By Yoshihiro Tatsumi
Publisher: Drawn & Quarterly
ISBN: 978-1-77046-078-2
In the world of Japanese manga, Yoshihiro Tatsumi was a pioneer of the craft and is largely over-looked now in the country of his birth where there is a constant focus on the new. Us westerners still have a lot to learn and discover about Japanese comics, so it’s gratifying that Drawn & Quarterly are taking the trouble to collect his work and make it available to an English-speaking audience.
This particular volume focuses on some of Tatsumi’s short-stories, originally created around 1971. They’re not a jolly read by any means, and show a bleaker, darker side to life in Japan, in some cases still haunted by the events of the second world war.

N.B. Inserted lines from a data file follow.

lemma nystrom_residual_le:
  assumes i: "1 \<le> i" "i \<le> k" and y: "y \<in> carrier_vec i"
  obtains c where "c \<in> carrier_vec k"
    "(mat n i (\<lambda>(r, c). U $$ (r, c)) *\<^sub>v y - basis *\<^sub>v c) \<bullet> (A *\<^sub>v (mat n i (\<lambda>(r, c). U $$ (r, c)) *\<^sub>v y - basis *\<^sub>v c))
      \<le> \<epsilon>\<^sup>2 * lam (k + 1) / (1 - \<epsilon>\<^sup>2)\<^sup>2 * (y \<bullet> y)"
proof -
  have in_: "i \<le> n" using i k_less by simp
  define yk where "yk = vec k (\<lambda>r. if r < i then y $ r else 0)"
  define yn where "yn = vec n (\<lambda>r. if r < i then y $ r else 0)"
  have yk: "yk \<in> carrier_vec k" and yn: "yn \<in> carrier_vec n" unfolding yk_def yn_def by simp_all
  have "yk \<bullet> yk = y \<bullet> y"
    using i y by (simp add: yk_def scalar_prod_self_sum_squares, intro sum.mono_neutral_cong_right) auto
  \<comment> \<open>choose \<open>c\<close> so that \<open>Q c\<close> matches \<open>U\<^sub>1 y\<close> on the leading \<open>k\<close> eigenvectors\<close>
  obtain c where c: "c \<in> carrier_vec k" "c + \<epsilon>\<^sup>2 \<cdot>\<^sub>v (M *\<^sub>v c) = yk" and cc: "(1 - \<epsilon>\<^sup>2)\<^sup>2 * (c \<bullet> c) \<le> y \<bullet> y"
    using head_solvable[OF yk] \<open>yk \<bullet> yk = y \<bullet> y\<close> by metis
  define w where "w = yn - coeffs *\<^sub>v c"
  have w: "w \<in> carrier_vec n" unfolding w_def using yn coeffs_carrier c by simp
  have res: "mat n i (\<lambda>(r, c). U $$ (r, c)) *\<^sub>v y - basis *\<^sub>v c = U *\<^sub>v w"
    unfolding w_def basis_mult_vec[OF c(1)] leading_cols_mult_vec[OF U_carrier y in_] yn_def[symmetric]
    using mult_minus_distrib_mat_vec[OF U_carrier yn, of "coeffs *\<^sub>v c"] coeffs_carrier c(1) by simp
  have "w $ r = 0" if "r < k" for r
    using arg_cong[OF c(2), of "\<lambda>v. v $ r"] coeffs_mult_vec_head[OF c(1) that] that k_less c(1) M(1)
      coeffs_carrier unfolding w_def yn_def yk_def by simp
  then have tail: "(U *\<^sub>v w) \<bullet> (A *\<^sub>v (U *\<^sub>v w)) \<le> lam (k + 1) * (\<Sum>l\<in>{0..<n - k}. (w $ (k + l))\<^sup>2)"
    by (rule sorted_eigen_decomp_tail_le[OF decomp w])
  have "(\<Sum>l\<in>{0..<n - k}. (w $ (k + l))\<^sup>2) = \<epsilon>\<^sup>2 * ((N *\<^sub>v c) \<bullet> (N *\<^sub>v c))"
    using coeffs_mult_vec_tail[OF c(1)] i coeffs_carrier c N(1)
    by (simp add: w_def yn_def scalar_prod_self_sum_squares sum_distrib_left power_mult_distrib)
  also have "\<dots> \<le> \<epsilon>\<^sup>2 * (c \<bullet> c)"
    using spec_norm_le_1_imp_sq_norm_le[OF N c(1)] eps_sq by (simp add: mult_left_mono)
  also have "\<dots> \<le> \<epsilon>\<^sup>2 * ((y \<bullet> y) / (1 - \<epsilon>\<^sup>2)\<^sup>2)"
    using cc eps_sq by (intro mult_left_mono) (simp_all add: le_divide_eq mult.commute)
  finally have "lam (k + 1) * (\<Sum>l\<in>{0..<n - k}. (w $ (k + l))\<^sup>2) \<le> lam (k + 1) * (\<epsilon>\<^sup>2 * ((y \<bullet> y) / (1 - \<epsilon>\<^sup>2)\<^sup>2))"
    using lam_nonneg[of "k + 1"] k_less by (intro mult_left_mono) simp_all
  moreover have "lam (k + 1) * (\<epsilon>\<^sup>2 * ((y \<bullet> y) / (1 - \<epsilon>\<^sup>2)\<^sup>2)) = \<epsilon>\<^sup>2 * lam (k + 1) / (1 - \<epsilon>\<^sup>2)\<^sup>2 * (y \<bullet> y)"
    by (simp add: divide_inverse mult_ac)
  ultimately have "(U *\<^sub>v w) \<bullet> (A *\<^sub>v (U *\<^sub>v w)) \<le> \<epsilon>\<^sup>2 * lam (k + 1) / (1 - \<epsilon>\<^sup>2)\<^sup>2 * (y \<bullet> y)"
    using tail by linarith
  then show ?thesis using that[OF c(1)] unfolding res by blast
qed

The first tale is very much about this, featuring a military journalist who photographs a ghostly silhouette of a mother and son’s shadow, etched into the wall by the flash of the Hiroshima bomb. He believes the son is massaging the tired shoulders of his mother and the blast caught them unawares, making it a poignant and powerful moment in time and it rockets him into the limelight as the nation takes the photo to heart. However, when the photo turns out to have captured a very different moment, the photographer finds his reputation threatened.
In another tale a woman remains faithful to her rogue of a man while he’s incarcerated, getting by as a hostess in a bar and having to suffer the daily drunken and lecherous punters. For four years she waits and is faithful to him, but on the day before her man’s release she realises what a fool she’s been to hold out for such a despicable character and ends up avenging the matter in the only way she knows how.
There’s little redemption or hope displayed in these tales, but the cultural and historical differences make this a fascinating and captivating collection. If modern manga isn’t quite your cup of tea then you may well find this more to your taste.
And if you liked that: Look up a copy of Barefoot Gen.